Our New “Print”
An article in the June 28, 1917, issue of The Saratoga Sun proclaims:
“The accompanying illustration will serve to introduce to readers of The Sun, our new compositor, Miss Linotype, who arrived from New York on Saturday to accept a permanent position with this newspaper. In the classic language of the poet, ‘she’s a bird.’
“During its 25 years of existence, The Sun has furnished employment to many compositors, of all conditions, races and complexions but never has the office seen the equal of this individual, whose typesetting capacity is only limited to the amount of metal on hand. She will, if required, work 24 hours a day without a murmur of discontent and set almost as much type each hour as the ordinary hand compositor can in a day. It is entirely immaterial to her whether there are any stops for meals, sleep, Sundays or holidays. She does not smoke cigarettes, chew tobacco, nor ‘hit the booze,’ which is exceptional, as printers go, and is always on the job in readiness for more work – exceptional again. She has a mild, sweet disposition and is altogether a most congenial person to have about the office.
“She’s a good-looker, too, and a cordial invitation is extended to all our readers to visit The Sun office and see this wonderful machine in operation.
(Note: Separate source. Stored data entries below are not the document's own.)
lemma abs_sign_step_cases:
  fixes x p :: real
  assumes "0 \<le> p" "p \<le> 1"
  shows "\<bar>x - (sgn x + x) * p\<bar> \<le> p \<or> \<bar>x - (sgn x + x) * p\<bar> \<le> \<bar>x\<bar> - p"
proof -
  have px: "0 \<le> p * \<bar>x\<bar>" "p * \<bar>x\<bar> \<le> \<bar>x\<bar>"
    using assms by (auto simp: mult_left_le_one_le)
  consider "x = 0" | "0 < x" | "x < 0"
    by linarith
  then show ?thesis
  proof cases
    case 2
    then have "x - (sgn x + x) * p = x - p * \<bar>x\<bar> - p"
      by (simp add: algebra_simps)
    with 2 px show ?thesis
      by linarith
  next
    case 3
    then have "x - (sgn x + x) * p = p * \<bar>x\<bar> - \<bar>x\<bar> + p"
      by (simp add: algebra_simps)
    with 3 px show ?thesis
      by linarith
  qed (use assms in simp)
qed

lemma sign_stable_margin:
  fixes k s x R :: real
  assumes "0 \<le> k" "0 \<le> s" "k * s \<le> R" "4 * R \<le> k" "2 * R < k * \<bar>x\<bar>"
  shows "(1 + \<bar>x\<bar>) * s < \<bar>x\<bar>"
proof -
  have "0 \<le> R"
    using assms(1-3) by (meson mult_nonneg_nonneg order_trans)
  with assms(5) have "0 < k"
    using assms(1) by (cases "k = 0") auto
  have "\<bar>x\<bar> * R \<le> \<bar>x\<bar> * (k / 4)"
    using assms(4) by (intro mult_left_mono) auto
  then have xR: "\<bar>x\<bar> * R \<le> k * \<bar>x\<bar> / 4"
    by (simp add: mult.commute)
  have "k * ((1 + \<bar>x\<bar>) * s) = k * s + \<bar>x\<bar> * (k * s)"
    by (simp add: algebra_simps)
  also have "\<dots> \<le> R + \<bar>x\<bar> * R"
    using assms(3) by (intro add_mono mult_left_mono) auto
  also have "\<dots> < k * \<bar>x\<bar>"
    using xR assms(5) \<open>0 \<le> R\<close> by linarith
  finally show ?thesis
    using \<open>0 < k\<close> by simp
qed

lemma step_size_bounds:
  fixes k p c d :: real
  assumes "0 < c" "1 \<le> k" "d \<le> k" "c \<le> k * p" "k * p \<le> d"
  shows "c / k \<le> p" "0 \<le> p" "p \<le> 1" "(k + 1) * p \<le> 2 * d"
proof -
  show "c / k \<le> p"
    using assms(2,4) by (simp add: pos_divide_le_eq mult.commute)
  moreover have "0 \<le> c / k"
    using assms(1,2) by simp
  ultimately show p0: "0 \<le> p"
    by linarith
  have "k * p \<le> k * 1"
    using assms(3,5) by simp
  then show "p \<le> 1"
    by (rule mult_left_le_imp_le) (use assms(2) in simp)
  have "(k + 1) * p \<le> 2 * (k * p)"
    using mult_right_mono[OF assms(2) p0] by (simp add: algebra_simps)
  with assms(5) show "(k + 1) * p \<le> 2 * d"
    by linarith
qed

lemma inverse_decay_step:
  fixes k x y p B L C c :: real
  assumes "1 \<le> k" and "C \<le> c * k" and "k * \<bar>x\<bar> \<le> C"
    and "0 \<le> p" and "c \<le> k * p" and "(k + 1) * p \<le> C" and "2 * L \<le> C"
    and small: "k * \<bar>x\<bar> \<le> B \<Longrightarrow> k * \<bar>y\<bar> \<le> L"
    and large: "B < k * \<bar>x\<bar> \<Longrightarrow> \<bar>y\<bar> \<le> p \<or> \<bar>y\<bar> \<le> \<bar>x\<bar> - p"
  shows "(k + 1) * \<bar>y\<bar> \<le> C"
proof (cases "k * \<bar>x\<bar> \<le> B")
  case True
  have "(k + 1) * \<bar>y\<bar> \<le> 2 * (k * \<bar>y\<bar>)"
    using mult_right_mono[OF \<open>1 \<le> k\<close>, of "\<bar>y\<bar>"] by (simp add: algebra_simps)
  with small[OF True] \<open>2 * L \<le> C\<close> show ?thesis
    by linarith
next
  case False
  with large consider "\<bar>y\<bar> \<le> p" | "\<bar>y\<bar> \<le> \<bar>x\<bar> - p"
    by fastforce
  then show ?thesis
  proof cases
    case 1
    then have "(k + 1) * \<bar>y\<bar> \<le> (k + 1) * p"
      using \<open>1 \<le> k\<close> by (intro mult_left_mono) auto
    with \<open>(k + 1) * p \<le> C\<close> show ?thesis
      by linarith
  next
    case 2
    have "k * \<bar>x\<bar> \<le> k * c"
      using assms(2,3) by (simp add: mult.commute)
    with \<open>1 \<le> k\<close> have "\<bar>x\<bar> \<le> c"
      using mult_left_le_imp_le by fastforce
    have "(k + 1) * \<bar>y\<bar> \<le> (k + 1) * (\<bar>x\<bar> - p)"
      using 2 \<open>1 \<le> k\<close> by (intro mult_left_mono) auto
    also have "\<dots> = k * \<bar>x\<bar> + \<bar>x\<bar> - k * p - p"
      by (simp add: algebra_simps)
    finally show ?thesis
      using \<open>\<bar>x\<bar> \<le> c\<close> assms(3-5) by linarith
  qed
qed

lemma inverse_bound_entered:
  fixes X p :: "nat \<Rightarrow> real"
  assumes "0 < c"
    and dichotomy: "\<And>k. K \<le> k \<Longrightarrow> C < real k * \<bar>X k\<bar> \<Longrightarrow> \<bar>X (Suc k)\<bar> \<le> p k \<or> \<bar>X (Suc k)\<bar> \<le> \<bar>X k\<bar> - p k"
    and p_lower: "\<And>k. K \<le> k \<Longrightarrow> c / real k \<le> p k"
    and p_upper: "\<And>k. K \<le> k \<Longrightarrow> (real k + 1) * p k \<le> C"
  shows "\<exists>k1\<ge>K. real k1 * \<bar>X k1\<bar> \<le> C"
proof (rule ccontr)
  assume "\<not> ?thesis"
  then have above: "C < real k * \<bar>X k\<bar>" if "K \<le> k" for k
    using that by (meson not_le)
  have "\<bar>X (Suc k)\<bar> \<le> \<bar>X k\<bar> - c / real k" if "K \<le> k" for k
  proof -
    have "\<not> \<bar>X (Suc k)\<bar> \<le> p k"
    proof
      assume "\<bar>X (Suc k)\<bar> \<le> p k"
      then have "(real k + 1) * \<bar>X (Suc k)\<bar> \<le> (real k + 1) * p k"
        by (intro mult_left_mono) auto
      moreover have "C < (real k + 1) * \<bar>X (Suc k)\<bar>"
        using above[of "Suc k"] that by (simp add: add.commute)
      ultimately show False
        using p_upper[OF that] by linarith
    qed
    then show ?thesis
      using dichotomy[OF that above[OF that]] p_lower[OF that] by linarith
  qed
  then show False
    using no_harmonic_descent[OF \<open>0 < c\<close>, of "\<lambda>k. \<bar>X k\<bar>" K] by simp
qed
The illustration gives but a faint idea of this wonderful piece of mechanism, which, instead of producing type in single characters, casts bars or slugs, from hot metal each complete in one piece and having on the upper edge the characters properly justified to print a line.
“Printing The Sun ‘The Linotype Way’ means a bigger, better and more newsy paper each week and assures our family of readers of our genuine appreciation of past support and our endeavor to meet future approval by publishing a newspaper that will give further and wider publicity to Saratoga and her prosperous people.
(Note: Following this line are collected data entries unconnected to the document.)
definition einner :: "nat \<Rightarrow> (nat \<Rightarrow> real) \<Rightarrow> (nat \<Rightarrow> real) \<Rightarrow> real" where
  "einner N y z = (\<Sum>i<N. y i * z i)"

abbreviation lebN :: "nat \<Rightarrow> (nat \<Rightarrow> real) measure" where
  "lebN N \<equiv> PiM {..<N} (\<lambda>_. lborel)"

text \<open>gamma(N,theta): fraction of the volume of S^{N-1} lying in a geodesic ball of radius
  theta (centred at e_0). Normalised surface measure on the sphere is realised as the
  normalised cone measure: a subset A of the sphere gets the Lebesgue measure of
  {t u : 0 < t <= 1, u in A} divided by the volume of the unit ball. The geodesic distance
  from e_0 to y/|y| is arccos (y_0/|y|).\<close>
definition sph_cone :: "nat \<Rightarrow> real \<Rightarrow> (nat \<Rightarrow> real) set" where
  "sph_cone N \<theta> = {y \<in> space (lebN N). 0 < enorm N y \<and> enorm N y \<le> 1 \<and>
       arccos (y 0 / enorm N y) \<le> \<theta>}"

definition sph_frac :: "nat \<Rightarrow> real \<Rightarrow> real" where
  "sph_frac N \<theta> = measure (lebN N) (sph_cone N \<theta>) /
                    measure (lebN N) {y \<in> space (lebN N). enorm N y \<le> 1}"
(* Let $f(x)=\mathbb{E}_\xi f_\xi(x)$ where $f_\xi:\mathbb{R}^d\to\mathbb{R}$ is almost surely convex and $L$-smooth, let $x^*$ be the fixed optimum of the composite problem, and assume $\sigma_*^2:=\mathbb{E}_\xi\|\nabla f_\xi(x^* )-\nabla f(x^* )\|^2<+\infty$. Consider SGD, $v^t=\nabla f_{\xi^t}(x^t)$, where $\xi^t$ is a copy of $\xi$ independent of $x^t$ and of the past, run for at most $t_0$ iterations. Then it satisfies part (a) of the gradient-estimator condition with $\eta_0=\frac1{4L}$, $\omega=1$ and $\mathcal M^t=2\eta^2(t_0-t)\sigma_*^2$ for $t=0,\dots,t_0$. If $f$ is strongly convex and $\sigma_*=0$, it satisfies part (b) with $\eta_0=\frac1{2L}$, $\omega=1$ and $\mathcal M^t=0$.
   Context: $L$-smoothness: $h(x)\le h(y)+\langle\nabla h(y),x-y\rangle+\frac L2\|x-y\|^2$; $\mu$-strong convexity: $f(x)\ge f(y)+\langle\nabla f(y),x-y\rangle+\frac\mu2\|x-y\|^2$. Bregman divergence $D_f(x,y):=f(x)-f(y)-\langle\nabla f(y),x-y\rangle$. Gradient-estimator condition: with $w^t:=x^t-\eta v^t$, $w^*:=x^*-\eta\nabla f(x^* )$, there are $\eta_0>0$, $\omega>0$ and a nonnegative sequence $\{\mathcal M^t\}$ such that for any $\eta\le\eta_0$ and each $t$: (a) if $f$ is convex, $\mathbb{E}\|w^t-w^*\|^2+\mathcal M^{t+1}\le\mathbb{E}\|x^t-x^*\|^2-\omega\eta\mathbb{E}D_f(x^t,x^* )+\mathcal M^t$; (b) if $f$ is $\mu$-strongly convex, either $\mathcal M^t\equiv0$ or for some $\rho>0$, $\mathbb{E}\|w^t-w^*\|^2+\mathcal M^{t+1}\le(1-\omega\eta\mu)\mathbb{E}\|x^t-x^*\|^2+(1-\rho)\mathcal M^t$. In case (b) with $\mathcal M^t\equiv0$ this reads $\mathbb{E}\|w^t-w^*\|^2\le(1-\omega\eta\mu)\mathbb{E}\|x^t-x^*\|^2$. *)

theory Defs
  imports "HOL-Probability.Probability"
begin

definition grad :: "('a::euclidean_space \<Rightarrow> real) \<Rightarrow> 'a \<Rightarrow> 'a" where
  "grad h x = (SOME g. (h has_derivative (\<lambda>v. inner g v)) (at x))"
“The writer is convinced, after having visited almost every section of the state, that there are few towns in Wyoming that have as great and varied natural resources and advantages as has Saratoga and believes at the same time that there is no community in the great Northwest whose natural advantages have been so neglected and ignored as have those at our very door.
“Believing that a lack of publicity has contributed more than any other one factor to this condition, the management of The Sun has gone to an expense of several thousand dollars to modernize this plant and to place the paper in a position where it may more completely fulfill its mission in this community by giving greater publicity to the many resources and attractions of the Platte Valley, as well as to give better service to its readers and advertisers.
“The Linotype has become a positive necessity to any paper that claims to be at all modern and with the many other improvements made in this plant recently, places The Sun on a par with the many other up-to-date weekly papers of Wyoming.”
As a punk kid back in 1951, I learned to operate this marvelous typesetter. It sure beat hand setting type and revolutionized the printing industry. However, it was an evil machine and would squirt hot lead on your feet, grab your clothes, pinch your fingers, throw belts and parts at your head and sometimes even sling metal objects at your crotch.
Yet, back then, it did to newspapers what computers have done today.